ME jokes
A man attacked me with cheese and milk. How dairy!
Q: What’s the difference between me and you?
A: I’m not wasting my time reading this joke.
Eggs
You crack me up!
Actually, it isn't a bear joke, but bear with me here...
I bought a wooden whistle. But it wouldn't whistle, so I bought a steel whistle. But it still wouldn't whistle. So I bought a lead whistle, but it still wouldn't lead me to whistle.
Trump and two of his friends are stranded on an island with no internet connection and no way of getting home.
As they frantically run around the island trying to get a signal so Trump can call his private helicopter to come and pick them up, Trump's wig falls off and lands on a magical lamp, from which suddenly appears a genie.
As Trump replaces his wig, the genie announces that he will grant each man one wish for freeing him. The men stop to confer.

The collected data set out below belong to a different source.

definition H1_law :: "real \<Rightarrow> real \<Rightarrow> nat \<Rightarrow> real \<Rightarrow> (nat \<Rightarrow> real) \<Rightarrow> (nat \<Rightarrow> nat \<times> nat) pmf" where
  "H1_law \<beta> r N n P = Pi_pmf {..<N} (0, 0)
     (\<lambda>i. pair_pmf (pois (n * P i)) (Y_alt (eps_N \<beta> N) n (P i) (mu_N r n N)))"

definition min_pval :: "nat \<Rightarrow> (nat \<Rightarrow> nat \<times> nat) \<Rightarrow> real" where
  "min_pval N \<omega> = Min ((\<lambda>i. binom_pval (fst (\<omega> i)) (snd (\<omega> i))) ` {..<N})"

end

theory Submission
  imports Defs "HOL-Real_Asymp.Real_Asymp"
begin

(*
  Under H0 the pair (X_i, Y_i) is a Poisson(2 n P_i) total split by a fair coin, so every binomial
  allocation P-value is super-uniform, and a union bound gives P(min_i pi_i <= N^-(1+d)) <= N^-d.

  Under H1, put L = log N, lambda = n P_i and s = sqrt(r/2), so that a shifted coordinate has
  Y-mean (sqrt lambda + s sqrt L)^2.  Since lambda / L -> infinity, lower bounds on Poisson tails
  (from Stirling's formula) show that X lies w sqrt L standard deviations below its mean, and Y as
  many above its own, each with probability at least N^(-w^2/2 + o(1)).  On that event Hoeffding's
  inequality puts the P-value below N^-(1+d) as soon as s + w > 1 + d.  So each coordinate detects
  with probability at least eps_N N^(-w^2 + o(1)), independently, and the test misses with
  probability at most exp(-N^(1 - beta - w^2 + o(1))).  Constants d, w > 0 with s + w > 1 + d and
  w^2 < 1 - beta exist exactly when r > 2 (1 - sqrt(1 - beta))^2.
*)

section \<open>Lower bounds on Poisson probabilities\<close>

lemma ln_one_plus_ge_frac:
  fixes t :: real
  assumes "0 \<le> t"
  shows "2 * t / (2 + t) \<le> ln (1 + t)"
proof -
  let ?f = "\<lambda>s::real. ln (1 + s) - 2 * s / (2 + s)"
  have "?f 0 \<le> ?f t"
  proof (rule DERIV_nonneg_imp_nondecreasing[OF assms])
    fix x :: real assume x: "0 \<le> x" "x \<le> t"
    have "(?f has_real_derivative (1 / (1 + x) - 4 / (2 + x)^2)) (at x)"
      using x by (auto intro!: derivative_eq_intros simp: power2_eq_square)
    moreover have "4 / (2 + x)^2 \<le> 1 / (1 + x)"
      using x by (simp add: divide_simps power2_eq_square algebra_simps)
    ultimately show "\<exists>y. (?f has_real_derivative y) (at x) \<and> 0 \<le> y" by auto
  qed
  then show ?thesis by simp
qed

lemma ln_le_half_diff_inverse:
  fixes x :: real
  assumes "1 \<le> x"
  shows "ln x \<le> (x - 1 / x) / 2"
proof -
  let ?f = "\<lambda>s::real. (s - 1 / s) / 2 - ln s"
  have "?f 1 \<le> ?f x"
  proof (rule DERIV_nonneg_imp_nondecreasing[OF assms])
    fix y :: real assume y: "1 \<le> y" "y \<le> x"
    have "(?f has_real_derivative ((y - 1)^2 / (2 * y^2))) (at y)"
      using y by (auto intro!: derivative_eq_intros simp: power2_eq_square field_simps)
    then show "\<exists>d. (?f has_real_derivative d) (at y) \<and> 0 \<le> d" using y by auto
  qed
  then show ?thesis by simp
qed

lemma ln_ge_quadratic:
  fixes x :: real
  assumes "1 \<le> x"
  shows "(x - 1) - (x - 1)^2 / 2 \<le> ln x"
proof -
  let ?f = "\<lambda>s::real. ln s - (s - 1) + (s - 1)^2 / 2"
  have "?f 1 \<le> ?f x"
  proof (rule DERIV_nonneg_imp_nondecreasing[OF assms])
    fix y :: real assume y: "1 \<le> y" "y \<le> x"
    have "(?f has_real_derivative ((y - 1)^2 / y)) (at y)"
      using y by (auto intro!: derivative_eq_intros simp: power2_eq_square field_simps)
    then show "\<exists>d. (?f has_real_derivative d) (at y) \<and> 0 \<le> d" using y by auto
  qed
  then show ?thesis by simp
qed

lemma ln_fact_le:
  assumes "1 \<le> k"
  shows "ln (fact k) \<le> 1 + ln (real k) / 2 + real k * ln (real k) - real k"
  using assms
proof (induction k rule: nat_induct_at_least)
  case base
  then show ?case by simp
next
  case (Suc k)
  define x where "x = real k"
  have x1: "1 \<le> x" using Suc.hyps by (simp add: x_def)
  have "2 / (2 * x + 1) \<le> ln (x + 1) - ln x"
  proof -
    have "2 * (1 / x) / (2 + 1 / x) \<le> ln (1 + 1 / x)"
      using x1 by (intro ln_one_plus_ge_frac) simp
    moreover have "1 + 1 / x = (x + 1) / x" using x1 by (simp add: field_simps)
    ultimately show ?thesis using x1 by (simp add: ln_div field_simps)
  qed
  then have step: "1 \<le> (x + 1 / 2) * (ln (x + 1) - ln x)"
    using x1 by (simp add: field_simps)
  have "ln (fact (Suc k)) = ln (x + 1) + ln (fact k)"
    by (simp add: x_def ln_mult add.commute del: of_nat_Suc)
  also have "\<dots> \<le> ln (x + 1) + (1 + ln x / 2 + x * ln x - x)"
    using Suc.IH by (simp add: x_def)
  also have "\<dots> \<le> 1 + ln (x + 1) / 2 + (x + 1) * ln (x + 1) - (x + 1)"
    using step by (simp add: algebra_simps)
  finally show ?case by (simp add: x_def add.commute)
qed

lemma poisson_pmf_ge_stirling:
  assumes "0 < lam" "1 \<le> k"
  shows "exp (real k * ln lam - 1 - ln (real k) / 2 - real k * ln (real k) + real k - lam)
           \<le> pmf (poisson_pmf lam) k"
proof -
  have "pmf (poisson_pmf lam) k = exp (real k * ln lam) / exp (ln (fact k)) * exp (- lam)"
    using assms(1) by (simp add: exp_of_nat_mult)
  also have "\<dots> = exp (real k * ln lam - ln (fact k) - lam)"
    by (simp add: exp_diff exp_minus divide_inverse)
  finally show ?thesis using ln_fact_le[OF assms(2)] by simp
qed

lemma exp_minus_div_sqrt: "0 < k \<Longrightarrow> exp (- x) / (exp 1 * sqrt k) = exp (- x - 1 - ln k / 2)"
  by (simp add: exp_diff exp_add powr_half_sqrt[symmetric] powr_def)

lemma poisson_pmf_ge_above:
  assumes "0 < lam" "lam \<le> real k"
  shows "exp (- ((real k - lam)^2 / (2 * lam))) / (exp 1 * sqrt (real k)) \<le> pmf (poisson_pmf lam) k"
proof -
  define K where "K = real k"
  have K1: "1 \<le> K" "1 \<le> k" using assms by (auto simp: K_def)
  have "ln (K / lam) \<le> (K / lam - 1 / (K / lam)) / 2"
    using assms by (intro ln_le_half_diff_inverse) (simp add: K_def)
  then have "K * ln (K / lam) \<le> K * ((K / lam - lam / K) / 2)"
    using K1 by (intro mult_left_mono) auto
  also have "\<dots> = (K - lam)^2 / (2 * lam) + K - lam"
    using assms K1 by (simp add: field_simps power2_eq_square)
  finally have "- ((K - lam)^2 / (2 * lam)) - 1 - ln K / 2 \<le> K * ln lam - 1 - ln K / 2 - K * ln K + K - lam"
    using assms K1 by (simp add: ln_div algebra_simps)
  then have "exp (- ((K - lam)^2 / (2 * lam))) / (exp 1 * sqrt K)
      \<le> exp (K * ln lam - 1 - ln K / 2 - K * ln K + K - lam)"
    using K1 by (simp add: exp_minus_div_sqrt)
  then show ?thesis using poisson_pmf_ge_stirling[OF assms(1) K1(2)] by (simp add: K_def)
qed

lemma poisson_pmf_ge_below:
  assumes "1 \<le> k" "real k \<le> lam"
  shows "exp (- ((lam - real k)^2 / (2 * real k))) / (exp 1 * sqrt (real k)) \<le> pmf (poisson_pmf lam) k"
proof -
  define K where "K = real k"
  have K1: "1 \<le> K" "K \<le> lam" using assms by (auto simp: K_def)
  have "(lam / K - 1) - (lam / K - 1)^2 / 2 \<le> ln (lam / K)"
    using K1 by (intro ln_ge_quadratic) simp
  then have "K * ((lam / K - 1) - (lam / K - 1)^2 / 2) \<le> K * ln (lam / K)"
    using K1 by (intro mult_left_mono) auto
  moreover have "K * ((lam / K - 1) - (lam / K - 1)^2 / 2) = (lam - K) - (lam - K)^2 / (2 * K)"
    using K1 by (simp add: field_simps power2_eq_square)
  ultimately have "- ((lam - K)^2 / (2 * K)) - 1 - ln K / 2 \<le> K * ln lam - 1 - ln K / 2 - K * ln K + K - lam"
    using K1 by (simp add: ln_div algebra_simps)
  then have "exp (- ((lam - K)^2 / (2 * K))) / (exp 1 * sqrt K)
      \<le> exp (K * ln lam - 1 - ln K / 2 - K * ln K + K - lam)"
    using K1 by (simp add: exp_minus_div_sqrt)
  then show ?thesis using poisson_pmf_ge_stirling[of lam k] assms K1 by (simp add: K_def)
qed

The first one says he will wish for a plane to rescue him, the second wishes for a boat to rescue him, and they tell Trump to wish for a helicopter to rescue him.
Trump, being Trump, nods and says yes, but he wasn't really listening. Then they approach the genie. The first one of Trump's friends wishes for a plane to rescue him, as agreed. The second one of Trump's friends wishes for a boat to rescue him, as agreed. Then Trump is left all alone, but instead of wishing for a helicopter to rescue him, as agreed, he says, "Aww, I'm lonely now. I wish both my friends were here with me!"
My girlfriend called me a pedophile... That's a big word for a 1st grader.
My girlfriend asked me to tell a joke. I told her to look in the mirror.
We never met again.
Me.
Last Halloween, I went dressed as a woman. When I rang the doorbell, an elderly woman opened it, and I made a grunting noise and knocked the bowl of candy out of her hands.
She immediately called the police and told them exactly what happened. The officer pulled me aside and asked me a few questions. First, he asked if my parents were here, and I said nothing. Concerned by my answer, he then asked if I was okay, so I said nothing. He asked me what my name was, and I responded, "Hellen Keller."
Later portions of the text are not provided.